Except that any class member declared mutable (7.1.1) can be modified,
any attempt to modify a const object during its lifetime (3.8) results
in undefined behavior.
The above undefined behavior is specifically called out in the standard's section on const_cast:
5.2.11/7 "Const cast"
[Note: Depending on the type of the object, a write operation through
the pointer, lvalue or pointer to data member resulting from a
const_cast that casts away a const-qualifier68) may produce undefined
behavior (7.1.5.1). ]
So, if you have a const pointer or reference to an object that isn't actually const, you're allowed to write to that object (by casting away the constness), but not if the object really is const.
The compiler is permitted to place const objects in read-only storage, for example. It doesn't have to though, and apparently doesn't for your test code that doesn't crash.
You are only allowed to cast away constness of an object which is known not to be const. For example, an interface may pass objects through using a const pointer or a const reference but you passed in an object which isn't const and want/need to modify it.

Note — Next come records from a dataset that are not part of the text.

lemma bracket_leibniz: "br x (br y z) = br (br x y) z + br y (br x z)"
proof -
  have "br y (br z x) = - br y (br x z)" by (simp add: bracket_antisym[of z x] bracket_minus_right)
  moreover have "br z (br x y) = - br (br x y) z" by (rule bracket_antisym)
  ultimately show ?thesis using jacobi[of x y z] by (simp add: algebra_simps)
qed

lemma bracket_leibniz_left: "br (br x y) z = br x (br y z) - br y (br x z)"
  using bracket_leibniz[of x y z] by (simp add: eq_diff_eq)

lemma bracket_eq_0_on_spans:
  assumes "\<And>a b. a \<in> A \<Longrightarrow> b \<in> B \<Longrightarrow> br a b = 0" and "a \<in> span A" and "b \<in> span B"
  shows "br a b = 0"
proof -
  have left_kernel: "subspace {a. br a b = 0}" for b
    by (rule subspaceI) (simp_all add: bracket_add_left bracket_scale_left)
  have right_kernel: "subspace {b. br a b = 0}" for a
    by (rule subspaceI) (simp_all add: bracket_add_right bracket_scale_right)
  have "span B \<subseteq> {b. br a b = 0}" if "a \<in> A" for a
    using assms(1) that by (intro span_minimal right_kernel) blast
  then have "span A \<subseteq> {a. br a b = 0}"
    using assms(3) by (intro span_minimal left_kernel) blast
  then show ?thesis using assms(2) by blast
qed

lemma lie_prod_eq_0:
  assumes "\<And>a b. a \<in> A \<Longrightarrow> b \<in> B \<Longrightarrow> br a b = 0"
  shows "lie_prod scale br A B = {0}"
proof -
  have "lie_prod scale br A B \<subseteq> {0}"
    unfolding lie_prod_def using assms by (intro span_minimal subspace_single_0) blast
  then show ?thesis unfolding lie_prod_def using span_zero by blast
qed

In this case it may be right thing to cast away constness.
On the other hand, casting away constness of an object which was const all the way can land you in deep trouble: when accessing this object, in particular when writing to it, the system may cause all kinds of strange things: the behavior is not defined (by the C++ standard) and on a particular system it may cause e.g. an access violation (because the address of the object is arranged to be in a read-only area).
Note that despite another response I saw const objects need to get an address assigned if the address is ever taken and used in some way. In your code the const_cast<int&>(maxint) expression essentially obtains the address of your constant int which is apparently stored in a memory area which is marked to be read-only. The interesting aspect of your code snippet is that it is like to apparently work, especially when turning on optimization: the code is simple enough that the compiler can tell that the changed location isn't really used and doesn't actually attempt to change the memory location! In this case, no access violation is reported. This is what apparently is the case when the constant is declared inside the function (although the constant may also be located on the stack which typically can't be marked as read-only). Another potential outcome of your code is (independent of whether the constant is declared inside the function or not) is that is actually changed and sometimes read as 100 and in other contexts (which in some way or another involve the address) as 200.